For the record, I for one am not opposed to doing 2:2 instead of 4:4.
What pisses me off is people trying to squeeze large amounts of memory
into 3:1, and distros pretending it's supportable, when it's never 
stable across a broad spectrum of workloads. Between 2:2 and 4:4,
it's just a different overhead tradeoff.

> 4:4 makes no sense at all, the only advantage of 4:4 w.r.t. 2:2 is that
> they can map 2.7G per task of shm instead of 1.7G per task of shm.

Eh? You have a 2GB difference of user address space, and a 1GB difference
of shm size. You lost a GB somewhere ;-) Depending on whether you move
TASK_UNMAPPPED_BASE or not, it you might mean 2.7 vs 0.7 or at a pinch
3.5 vs 1.5, I'm not sure.

> syscall and irq. I expect the databases will run an order of magnitude
> faster with _2:2_ in a 64G configuration, with _1.7G_ per process of shm
> mapped, instead of their 4:4 split with 2.7G (or more, up to 3.9 ;)
> mapped per task.

That may well be true for some workloads, I suspect it's slower for others.
One could call the tradeoff either way.
 
> I don't mind if 4:4 gets merged but I recommend db vendors to benchmark
> _2:2_ against 4:4 before remotely considering deploying 4:4 in
> production.  Then of course let me know since I had not the luck to get
> any number back and I've no access to any 64G box.

If you send me a *simple* simulation test, I'll gladly run it for you ;-)
But I'm not going to go fiddle with Oracle, and thousands of disks ;-)

> I don't care about 256G with 2:2 split, since intel and hp are now going
> x86-64 too.

Yeah, I don't think we ever need to deal with that kind of insanity ;-)
 
>> averse to objrmap for file-backed mappings either - I agree that the search
>> problems which were demonstrated are unlikely to bite in real life.
> 
> cool.
> 
> Martin's patch from IBM is a great start IMHO. I found a bug in the vma
> flags check though, VM_RESERVED should be checked too, not only
> VM_LOCKED, unless I'm missing something, but it's a minor issue.

I didn't actually write it - that was Dave McCracken ;-) I just suggested
the partial aproach (because I'm dirty and lazy ;-)) and carried it
in my tree.

I agree with Andrew's comments though - it's not nice having the dual
approach of the partial, but the complexity of the full approach is a
bit scary and buys you little in real terms (performance and space).
I still believe that creating an "address_space like structure" for
anon memory, shared across VMAs is an idea that might give us cleaner
code - it also fixes other problems like Andi's NUMA API binding.

> We can write a testcase ourself, it's pretty easy, just create a 2.7G
> file in /dev/shm, and mmap(MAP_SHARED) it from 1k processes and fault in
> all the pagetables from all tasks touching the shm vma.
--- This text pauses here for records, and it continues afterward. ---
(* Let $a<b$ be real numbers, let $M\colon[a,b]\to\mathbb{R}$ be non-decreasing, and let $N\colon[M(a),M(b)]\to\mathbb{R}$ be non-decreasing. Let \[H=\{y\in[M(a),M(b)] : M^{-1}[\{y\}]\text{ contains more than one point}\},\] and define $X,\Xi\colon[M(a),M(b)]\to[a,b]$ by $X(y)=\inf\{x\in[a,b]: y\le M(x)\}$ and $\Xi(y)=\sup\{x\in[a,b]: M(x)\le y\}$. For $y\in H$ let $\Delta N(y,-)=N(y)-N(y-)$ and $\Delta N(y,+)=N(y+)-N(y)$ (with the conventions $N(M(a)-)=N(M(a))$ and $N(M(b)+)=N(M(b))$), and let \[N_1=N-\sum_{y\in H}\Big(\Delta N(y,-)\,\mathbf 1_{[y,M(b)]}+\Delta N(y,+)\,\mathbf 1_{(y,M(b)]}\Big).\] Then for each bounded Borel function $g$ on the range of $M$, \[\int_a^b g(M(x))\,dN(M(x))=\int_{M(a)}^{M(b)} g(M(X(y)))\,dN_1(y)+\sum_{y\in H} g(M(X(y)))\,\Delta N(y,-)+\sum_{y\in H} g(M(\Xi(y)))\,\Delta N(y,+).\] Furthermore, the same identity holds with $X$ replaced by $\Xi$ in the first term on the right-hand side.
   Context: "Non-decreasing" is what the paper calls increasing. For a non-decreasing function $F\colon[c,d]\to\mathbb{R}$, the measure corresponding to $F$ is the unique Borel measure $\mu$ on $[c,d]$ such that for every continuous $f\colon[c,d]\to\mathbb{R}$, $\int_{[c,d]} f\,d\mu$ equals the Riemann–Stieltjes integral $\int_c^d f(x)\,dF(x)$. For a bounded Borel function $f$, the Lebesgue–Stieltjes integral $\int_c^d f(x)\,dF(x)$ is defined as $\int_{[c,d]} f\,d\mu$. The notation $\int_a^b h(x)\,dN(M(x))$ means $\int_a^b h(x)\,d\Lambda(x)$ with $\Lambda=N\circ M$. *)

theory Defs
  imports "HOL-Analysis.Analysis"
begin

definition RS_has_integral ::
  "(real \<Rightarrow> real) \<Rightarrow> (real \<Rightarrow> real) \<Rightarrow> real \<Rightarrow> real \<Rightarrow> real \<Rightarrow> bool" where
  "RS_has_integral f F c d I \<longleftrightarrow>
     (\<forall>\<epsilon>>0. \<exists>\<delta>>0. \<forall>(n::nat) (x::nat \<Rightarrow> real) (t::nat \<Rightarrow> real).
        (x 0 = c \<and> x n = d \<and>
         (\<forall>i<n. x i < x (Suc i) \<and> x (Suc i) - x i < \<delta> \<and> x i \<le> t i \<and> t i \<le> x (Suc i)))
        \<longrightarrow> \<bar>(\<Sum>i<n. f (t i) * (F (x (Suc i)) - F (x i))) - I\<bar> < \<epsilon>)"

definition LS_measure :: "real \<Rightarrow> real \<Rightarrow> (real \<Rightarrow> real) \<Rightarrow> real measure" where
  "LS_measure c d F = (THE \<mu>. sets \<mu> = sets (restrict_space borel {c..d}) \<and> finite_measure \<mu> \<and>
      (\<forall>f. continuous_on {c..d} f \<longrightarrow> RS_has_integral f F c d (\<integral>x. f x \<partial>\<mu>)))"

definition LS_integral :: "real \<Rightarrow> real \<Rightarrow> (real \<Rightarrow> real) \<Rightarrow> (real \<Rightarrow> real) \<Rightarrow> real" where
  "LS_integral c d F f = (\<integral>x. f x \<partial>(LS_measure c d F))"

definition left_lim :: "real \<Rightarrow> (real \<Rightarrow> real) \<Rightarrow> real \<Rightarrow> real" where
  "left_lim c N y = (if y = c then N y else Lim (at_left y) N)"

definition right_lim :: "real \<Rightarrow> (real \<Rightarrow> real) \<Rightarrow> real \<Rightarrow> real" where
  "right_lim d N y = (if y = d then N y else Lim (at_right y) N)"

end

theory Submission
  imports Defs "HOL-Analysis.Analysis"
begin

text \<open>
  Write \<open>\<mu>\<^sub>1\<close> for the Lebesgue--Stieltjes measure of \<open>N\<^sub>1\<close> on \<open>[M a, M b]\<close>, in which the jumps
  of \<open>N\<close> at the flat levels \<open>H\<close> of \<open>M\<close> are removed. The measure of \<open>N \<circ> M\<close> on \<open>[a, b]\<close> is then
  the image of \<open>\<mu>\<^sub>1\<close> under the generalised inverse \<open>X\<close>, plus a point mass
  \<open>\<Delta>N(y,-)\<close> at \<open>X y\<close> and a point mass \<open>\<Delta>N(y,+)\<close> at \<open>\<Xi> y\<close> for every \<open>y \<in> H\<close>: a jump of \<open>N\<close>
  just below (above) a flat level is felt by \<open>N \<circ> M\<close> at the left (right) end of the flat
  stretch. Both sides are finite measures on \<open>[a, b]\<close>, so it suffices to compare their
  distribution functions \<open>s \<mapsto> measure {a..s}\<close>, which are computed from the right limit
  \<open>M(s+)\<close> and the Galois-type characterisations of \<open>X y \<le> s\<close> and \<open>\<Xi> y \<le> s\<close>. Finally \<open>X\<close> and \<open>\<Xi>\<close>
  differ only on the countable set \<open>H\<close>, and \<open>\<mu>\<^sub>1\<close> has no atoms there, so \<open>X\<close> may be replaced
  by \<open>\<Xi>\<close> in the first term.
\<close>

section \<open>One-sided limits of monotone functions\<close>

lemma right_lim_tendsto:
  fixes F :: "real \<Rightarrow> real"
  assumes mono: "mono_on {c..d} F" and y: "c \<le> y" "y < d"
  shows "(F \<longlongrightarrow> right_lim d F y) (at_right y)"
    and "right_lim d F y = Inf (F ` {y<..d})"
proof -
  let ?L = "Inf (F ` {y<..d})"
  have bdd: "bdd_below (F ` {y<..d})"
    using mono y by (auto simp: bdd_below_def mono_on_def intro!: exI[of _ "F y"])
  have ne: "F ` {y<..d} \<noteq> {}" using y by auto
  have T: "(F \<longlongrightarrow> ?L) (at_right y)"
  proof (rule order_tendstoI)
    fix a assume "a < ?L"
    then have "\<forall>t\<in>{y<..d}. a < F t"
      using bdd by (meson cInf_lower image_eqI less_le_trans)
    then show "eventually (\<lambda>t. a < F t) (at_right y)"
      using eventually_at_right_real[OF y(2)] by (auto elim: eventually_mono)
  next
    fix a assume "?L < a"
    then obtain t0 where t0: "t0 \<in> {y<..d}" "F t0 < a"
      using cInf_lessD[OF ne] by blast
    have "eventually (\<lambda>t. t \<in> {y<..<t0}) (at_right y)"
      using t0 by (intro eventually_at_right_real) auto
    then show "eventually (\<lambda>t. F t < a) (at_right y)"
    proof (rule eventually_mono)
      fix t assume "t \<in> {y<..<t0}"
      then have "F t \<le> F t0" using mono t0 y by (auto simp: mono_on_def)
      then show "F t < a" using t0 by simp
    qed
  qed
  have "right_lim d F y = ?L"
    unfolding right_lim_def using y T by (auto intro!: tendsto_Lim)
  then show "(F \<longlongrightarrow> right_lim d F y) (at_right y)" "right_lim d F y = Inf (F ` {y<..d})"
    using T by auto
qed

lemma left_lim_tendsto:
  fixes F :: "real \<Rightarrow> real"
  assumes mono: "mono_on {c..d} F" and y: "c < y" "y \<le> d"
  shows "(F \<longlongrightarrow> left_lim c F y) (at_left y)"
    and "left_lim c F y = Sup (F ` {c..<y})"
proof -
  let ?L = "Sup (F ` {c..<y})"
  have bdd: "bdd_above (F ` {c..<y})"
    using mono y by (auto simp: bdd_above_def mono_on_def intro!: exI[of _ "F y"])
  have ne: "F ` {c..<y} \<noteq> {}" using y by auto
  have T: "(F \<longlongrightarrow> ?L) (at_left y)"
  proof (rule order_tendstoI)
    fix a assume "?L < a"
    then have "\<forall>t\<in>{c..<y}. F t < a"
      using bdd by (meson cSup_upper image_eqI le_less_trans)
    then show "eventually (\<lambda>t. F t < a) (at_left y)"
      using eventually_at_left_real[OF y(1)] by (auto elim: eventually_mono)
  next
    fix a assume "a < ?L"
    then obtain t0 where t0: "t0 \<in> {c..<y}" "a < F t0"
      using less_cSupD[OF ne] by blast
    have "eventually (\<lambda>t. t \<in> {t0<..<y}) (at_left y)"
      using t0 by (intro eventually_at_left_real) auto
    then show "eventually (\<lambda>t. a < F t) (at_left y)"
    proof (rule eventually_mono)
      fix t assume "t \<in> {t0<..<y}"
      then have "F t0 \<le> F t" using mono t0 y by (auto simp: mono_on_def)
      then show "a < F t" using t0 by simp
    qed
  qed
  have "left_lim c F y = ?L"
    unfolding left_lim_def using y T by (auto intro!: tendsto_Lim)
  then show "(F \<longlongrightarrow> left_lim c F y) (at_left y)" "left_lim c F y = Sup (F ` {c..<y})"
    using T by auto
qed

lemma right_lim_bounds:
  fixes F :: "real \<Rightarrow> real"
  assumes mono: "mono_on {c..d} F" and y: "c \<le> y" "y \<le> d"
  shows "F y \<le> right_lim d F y" "\<And>t. y < t \<Longrightarrow> t \<le> d \<Longrightarrow> right_lim d F y \<le> F t"
    "right_lim d F y \<le> F d"
proof -
  have bdd: "y < d \<Longrightarrow> bdd_below (F ` {y<..d})"
    using mono y by (auto simp: bdd_below_def mono_on_def intro!: exI[of _ "F y"])
  show "F y \<le> right_lim d F y"
  proof (cases "y = d")
    case True then show ?thesis by (simp add: right_lim_def)
  next
    case False
    then show ?thesis using right_lim_tendsto(2)[OF mono y(1)] y mono
      by (auto intro!: cInf_greatest simp: mono_on_def)
  qed
  show "\<And>t. y < t \<Longrightarrow> t \<le> d \<Longrightarrow> right_lim d F y \<le> F t"
    using right_lim_tendsto(2)[OF mono y(1)] bdd by (auto intro!: cInf_lower)
  show "right_lim d F y \<le> F d"
  proof (cases "y = d")
    case True then show ?thesis by (simp add: right_lim_def)
  next
    case False
    then show ?thesis using right_lim_tendsto(2)[OF mono y(1)] bdd y by (auto intro!: cInf_lower)
  qed
qed

lemma left_lim_bounds:
  fixes F :: "real \<Rightarrow> real"
  assumes mono: "mono_on {c..d} F" and y: "c \<le> y" "y \<le> d"
  shows "left_lim c F y \<le> F y" "\<And>t. c \<le> t \<Longrightarrow> t < y \<Longrightarrow> F t \<le> left_lim c F y"
    "F c \<le> left_lim c F y"
proof -
  have bdd: "c < y \<Longrightarrow> bdd_above (F ` {c..<y})"
    using mono y by (auto simp: bdd_above_def mono_on_def intro!: exI[of _ "F y"])
  show "left_lim c F y \<le> F y"
  proof (cases "y = c")
    case True then show ?thesis by (simp add: left_lim_def)
  next
    case False
    then show ?thesis using left_lim_tendsto(2)[OF mono _ y(2)] y mono
      by (auto intro!: cSup_least simp: mono_on_def)
  qed
  show "\<And>t. c \<le> t \<Longrightarrow> t < y \<Longrightarrow> F t \<le> left_lim c F y"
    using left_lim_tendsto(2)[OF mono _ y(2)] bdd by (auto intro!: cSup_upper)
  show "F c \<le> left_lim c F y"
  proof (cases "y = c")
    case True then show ?thesis by (simp add: left_lim_def)
  next
    case False
    then show ?thesis using left_lim_tendsto(2)[OF mono _ y(2)] bdd y by (auto intro!: cSup_upper)
  qed
qed

lemma right_lim_mono:
  fixes F :: "real \<Rightarrow> real"
  assumes mono: "mono_on {c..d} F" and "c \<le> s" "s \<le> t" "t \<le> d"
  shows "right_lim d F s \<le> right_lim d F t"
proof (cases "s = t")
  case False
  then have "right_lim d F s \<le> F t" using right_lim_bounds(2)[OF mono, of s t] assms by auto
  also have "\<dots> \<le> right_lim d F t" using right_lim_bounds(1)[OF mono, of t] assms by auto
  finally show ?thesis .
qed simp

section \<open>Lebesgue--Stieltjes measures\<close>

definition right_cont_extension :: "real \<Rightarrow> real \<Rightarrow> (real \<Rightarrow> real) \<Rightarrow> real \<Rightarrow> real" where
  "right_cont_extension c d F t = (if t < c then F c else right_lim d F (min t d))"

lemma mono_right_cont_extension:
  fixes F :: "real \<Rightarrow> real"
  assumes mono: "mono_on {c..d} F" and cd: "c \<le> d" and xy: "x \<le> y"
  shows "right_cont_extension c d F x \<le> right_cont_extension c d F y"
proof -
  have "F c \<le> right_lim d F (min y d)" if "c \<le> y"
  proof -
    have "F c \<le> F (min y d)" using mono that cd by (auto simp: mono_on_def)
    also have "\<dots> \<le> right_lim d F (min y d)" using right_lim_bounds(1)[OF mono] that cd by auto
    finally show ?thesis .
  qed
  then show ?thesis unfolding right_cont_extension_def using xy cd
    by (auto intro!: right_lim_mono[OF mono])
qed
Then run a
> second copy until the machine starts swapping and see how thing goes. To
> do this you need probably 8G, this is why I didn't write the testcase
> myself yet ;).  maybe I can simulate with less shm and less tasks on 1G
> boxes too, but the extreme lru effects of point 3 won't be visibile
> there, the very same software configuration works fine on 1/2G boxes on
> stock 2.4. problems showsup when the lru grows due the algorithm not
> contemplating million of dirty swapcache in a row at the end of the lru
> and some gigs of free cache ad the head of the lru. the rmap-only issues
> can also be tested with math, no testcase is needed for that.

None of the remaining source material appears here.